[Saved data entries]
= Beginning of Section =
(* Let $q\in[0,1)$, $t\in(0,1)$, and $\Omega_n=\{\lambda \text{ partition}:\ell(\lambda)\le n\}$, where $\ell(\lambda)$ is the number of nonzero parts. Define $\eta_n(\lambda)=\ell(\lambda)-n$ and $\phi_{n,x}(\lambda)=\prod_{j\ge0}\frac{1+q^{\lambda_{n-j}}t^{j+x}}{1+t^{j+x}}$ for $x\in\mathbb R$, with the convention $q^{\lambda_{-m}}=0$ for $m\ge0$ (and $q^0=1$, including when $q=0$). Then, for every choice of probability measures on the sets $\Omega_n$, the functions $\eta_n,\phi_{n,x}$ satisfy conditions (1)–(4) below (pointwise on $\Omega_n$), and consequently $\{\ell(\lambda)-n\}_{n\ge1}$ and $\{F_n(x)=\mathbb E\prod_{j\ge0}\frac{1+q^{\lambda_{n-j}}t^{j+x}}{1+t^{j+x}}\}_{n\ge1}$ are asymptotically equivalent as $n\to\infty$. Conditions: (1) $0\le\phi_{n,x}\le\phi_{n,y}\le1$ for $x\le y$; (2) for every $\varepsilon>0$ there is $M$ with $\phi_{n,x}<\varepsilon$ whenever $\eta_n-x>M$ (uniformly in $n,x$); (3) for every $\varepsilon>0$ there is $M$ with $\phi_{n,x}>1-\varepsilon$ whenever $\eta_n-x<-M$ (uniformly in $n,x$); (4) there is $c>0$ independent of $n$ with $\phi_{n,x+1}-\phi_{n,x}\ge c$ whenever $x<\eta_n\le x+1$.
   Context: A sequence $\{\eta_n\}_{n\ge1}$ of real random variables spreads if $\lim_{n\to\infty}\sup_{x\in\mathbb R}\mathrm{Prob}\{x<\eta_n\le x+1\}=0$. A sequence $\{F_n\}_{n\ge1}$ of non-decreasing functions $\mathbb R\to\mathbb R$ spreads if $\lim_{n\to\infty}\sup_{x\in\mathbb R}(F_n(x+1)-F_n(x))=0$. A sequence of real random variables $\{\eta_n\}$ and a sequence of non-decreasing functions $\{F_n\}$ are asymptotically equivalent if (i) $\{\eta_n\}$ spreads if and only if $\{F_n\}$ spreads, and (ii) when both spread, $\lim_{n\to\infty}\sup_{x\in\mathbb R}(\mathrm{Prob}\{\eta_n\le x\}-F_n(x))=0$. *)

theory Defs
  imports "HOL-Probability.Probability"
begin

text \<open>Partitions are represented as functions nat => nat, lambda i = i-th part (i >= 1),
  with lambda 0 = 0 as a normalisation.  Omega_n = partitions with at most n nonzero parts.\<close>

definition partitions_le :: "nat \<Rightarrow> (nat \<Rightarrow> nat) set" where
  "partitions_le n = {lam. lam 0 = 0 \<and> (\<forall>i j. 1 \<le> i \<and> i \<le> j \<longrightarrow> lam j \<le> lam i)
                          \<and> (\<forall>i. n < i \<longrightarrow> lam i = 0)}"

definition part_length :: "(nat \<Rightarrow> nat) \<Rightarrow> nat" where
  "part_length lam = card {i. 1 \<le> i \<and> lam i \<noteq> 0}"

definition eta :: "nat \<Rightarrow> (nat \<Rightarrow> nat) \<Rightarrow> real" where
  "eta n lam = real (part_length lam) - real n"

definition phi :: "real \<Rightarrow> real \<Rightarrow> nat \<Rightarrow> real \<Rightarrow> (nat \<Rightarrow> nat) \<Rightarrow> real" where
  "phi q t n x lam = (\<Prod>j. (1 + (if j < n then q ^ lam (n - j) else 0) * t powr (real j + x))
                            / (1 + t powr (real j + x)))"

definition spreads_rv :: "(nat \<Rightarrow> 'a pmf) \<Rightarrow> (nat \<Rightarrow> 'a \<Rightarrow> real) \<Rightarrow> bool" where
  "spreads_rv P X \<longleftrightarrow>
     (\<lambda>n. SUP x::real. measure_pmf.prob (P n) {w. x < X n w \<and> X n w \<le> x + 1}) \<longlonglongrightarrow> 0"

definition spreads_fun :: "(nat \<Rightarrow> real \<Rightarrow> real) \<Rightarrow> bool" where
  "spreads_fun F \<longleftrightarrow> (\<lambda>n. SUP x::real. F n (x + 1) - F n x) \<longlonglongrightarrow> 0"

definition asymp_equivalent :: "(nat \<Rightarrow> 'a pmf) \<Rightarrow> (nat \<Rightarrow> 'a \<Rightarrow> real) \<Rightarrow> (nat \<Rightarrow> real \<Rightarrow> real) \<Rightarrow> bool" where
  "asymp_equivalent P X F \<longleftrightarrow>
     (spreads_rv P X \<longleftrightarrow> spreads_fun F) \<and>
     (spreads_rv P X \<and> spreads_fun F \<longrightarrow>
        (\<lambda>n. SUP x::real. measure_pmf.prob (P n) {w. X n w \<le> x} - F n x) \<longlonglongrightarrow> 0)"

end

theory Submission
  imports Defs
begin

text \<open>Writing l for the length of lam, the factors of phi with index j < n - l have
  q^{lam_{n-j}} = q^0 = 1 and equal one, so phi_{n,x}(lam) = Psi(x - eta_n(lam)) with
  Psi(y) = prod_k (1 + b_k t^{k+y}) / (1 + t^{k+y}) = qt_prod t b y and
  b_k = q^{lam_{l-k}} in [0, q].
  Conditions (1)-(4) are estimates on Psi that are uniform in the coefficients: Psi increases
  in y from 0 to 1, it is at most ((1+q)/2)^m for y <= -m, at least 1 - t^y/(1-t) for y >= 0,
  and on [-1, 0] its first factor alone grows by a fixed amount while the remaining product
  stays above a positive constant.

  Asymptotic equivalence then holds for any family satisfying (1)-(4). By (4), the mass of a
  window x < eta_n <= x + 1 is at most (F_n(x+1) - F_n(x)) / c. Conversely, by (2) and (3) an
  increment of F_n, as well as the excess of the distribution function of eta_n over F_n, is
  at most epsilon plus the mass of boundedly many such windows.\<close>

section \<open>Uniform estimates for the product Psi\<close>

definition qt_factor :: "real \<Rightarrow> real \<Rightarrow> real \<Rightarrow> real" where
  "qt_factor t a e = (1 + a * t powr e) / (1 + t powr e)"

definition qt_prod :: "real \<Rightarrow> (nat \<Rightarrow> real) \<Rightarrow> real \<Rightarrow> real" where
  "qt_prod t b y = (\<Prod>k. qt_factor t (b k) (real k + y))"

context
  fixes t :: real
  assumes t_pos: "0 < t" and t_less_1: "t < 1"
begin

lemma one_plus_powr_pos: "0 < 1 + t powr e"
  using t_pos by (simp add: add_pos_nonneg)

lemma qt_factor_eq: "qt_factor t a e = a + (1 - a) / (1 + t powr e)"
  using one_plus_powr_pos[of e] unfolding qt_factor_def by (simp add: field_simps)

lemma qt_factor_pos: "0 \<le> a \<Longrightarrow> 0 < qt_factor t a e"
  unfolding qt_factor_def by (intro divide_pos_pos add_pos_nonneg) auto

lemma qt_factor_one: "qt_factor t 1 e = 1"
  using one_plus_powr_pos[of e] unfolding qt_factor_def by simp

lemma qt_factor_le_one: "a \<le> 1 \<Longrightarrow> qt_factor t a e \<le> 1"
  using one_plus_powr_pos[of e] t_pos unfolding qt_factor_def by (simp add: mult_le_cancel_right1)

lemma qt_factor_ge: "0 \<le> a \<Longrightarrow> 1 - t powr e \<le> qt_factor t a e"
proof -
  assume a: "0 \<le> a"
  have s: "0 < t powr e" using t_pos by simp
  have "(1 - t powr e) * (1 + t powr e) \<le> 1" by (simp add: algebra_simps)
  then have "1 - t powr e \<le> 1 / (1 + t powr e)"
    using one_plus_powr_pos[of e] by (simp add: pos_le_divide_eq)
  also have "\<dots> \<le> (1 + a * t powr e) / (1 + t powr e)" using a s by (intro divide_right_mono) auto
  finally show ?thesis unfolding qt_factor_def .
qed

lemma qt_factor_mono_coeff: "a \<le> a' \<Longrightarrow> qt_factor t a e \<le> qt_factor t a' e"
  using t_pos unfolding qt_factor_def
  by (intro divide_right_mono add_left_mono mult_right_mono) (auto simp: add_pos_nonneg less_imp_le)

lemma qt_factor_mono_exp: "a \<le> 1 \<Longrightarrow> e \<le> e' \<Longrightarrow> qt_factor t a e \<le> qt_factor t a e'"
proof -
  assume a: "a \<le> 1" and e: "e \<le> e'"
  have "t powr e' \<le> t powr e" using e t_pos t_less_1 by (intro powr_mono') auto
  then have "(1 - a) / (1 + t powr e) \<le> (1 - a) / (1 + t powr e')"
    using a t_pos by (intro divide_left_mono mult_pos_pos add_pos_nonneg) auto
  then show ?thesis by (simp add: qt_factor_eq)
qed

lemma qt_factor_le_nonpos_exp:
  assumes "0 \<le> a" "a \<le> q" "q \<le> 1" "e \<le> 0"
  shows "qt_factor t a e \<le> (1 + q) / 2"
proof -
  have "t powr 0 \<le> t powr e" using assms t_pos t_less_1 by (intro powr_mono') auto
  then have "(1 - a) / (1 + t powr e) \<le> (1 - a) / 2"
    using assms t_pos by (intro divide_left_mono) auto
  then show ?thesis using assms by (simp add: qt_factor_eq)
qed

lemma qt_factor_increment:
  assumes a: "0 \<le> a" "a \<le> q" "q < 1" and y: "-1 \<le> y" "y < 0"
  shows "(1 - q) * (1 - t) / (2 * (1 + 1 / t)) \<le> qt_factor t a (y + 1) - qt_factor t a y"
proof -
  define s where "s = t powr y"
  have s_ge: "1 \<le> s" using powr_mono'[of y 0 t] y t_pos t_less_1 by (simp add: s_def)
  have s_le: "s \<le> 1 / t"
    using powr_mono'[of "-1" y t] y t_pos t_less_1 unfolding s_def by (simp add: powr_minus_divide)
  have ts_le: "t * s \<le> 1" using s_le t_pos by (simp add: field_simps)
  have pos: "1 + t * s > 0" "1 + s > 0" using t_pos s_ge by (auto intro: add_pos_nonneg)
  have "qt_factor t a (y + 1) - qt_factor t a y = (1 - a) * (1 / (1 + t * s) - 1 / (1 + s))"
    using t_pos by (simp add: qt_factor_eq s_def powr_add right_diff_distrib)
  also have "\<dots> = (1 - a) * ((1 - t) * s) / ((1 + t * s) * (1 + s))"
    using pos by (simp add: field_simps)
  finally have diff: "qt_factor t a (y + 1) - qt_factor t a y =
      (1 - a) * ((1 - t) * s) / ((1 + t * s) * (1 + s))" .
  have num: "(1 - q) * (1 - t) \<le> (1 - a) * ((1 - t) * s)"
    using a s_ge t_less_1 by (intro mult_mono) (auto simp: mult_le_cancel_left1)
  have den: "(1 + t * s) * (1 + s) \<le> 2 * (1 + 1 / t)"
    using ts_le s_le s_ge by (intro mult_mono) auto
  show ?thesis unfolding diff
    using pos a t_less_1 s_ge by (intro frac_le[OF _ num _ den]) auto
qed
= End of Section =
What you should do: Copy range, inclusive: the line holding "(simp add: powr_minus_divide)" to the line holding "using ts_le s_le". Reproduce exactly those lines of the records above and no others.

Result for this exercise:
    using powr_mono'[of "-1" y t] y t_pos t_less_1 unfolding s_def by (simp add: powr_minus_divide)
  have ts_le: "t * s \<le> 1" using s_le t_pos by (simp add: field_simps)
  have pos: "1 + t * s > 0" "1 + s > 0" using t_pos s_ge by (auto intro: add_pos_nonneg)
  have "qt_factor t a (y + 1) - qt_factor t a y = (1 - a) * (1 / (1 + t * s) - 1 / (1 + s))"
    using t_pos by (simp add: qt_factor_eq s_def powr_add right_diff_distrib)
  also have "\<dots> = (1 - a) * ((1 - t) * s) / ((1 + t * s) * (1 + s))"
    using pos by (simp add: field_simps)
  finally have diff: "qt_factor t a (y + 1) - qt_factor t a y =
      (1 - a) * ((1 - t) * s) / ((1 + t * s) * (1 + s))" .
  have num: "(1 - q) * (1 - t) \<le> (1 - a) * ((1 - t) * s)"
    using a s_ge t_less_1 by (intro mult_mono) (auto simp: mult_le_cancel_left1)
  have den: "(1 + t * s) * (1 + s) \<le> 2 * (1 + 1 / t)"
    using ts_le s_le s_ge by (intro mult_mono) auto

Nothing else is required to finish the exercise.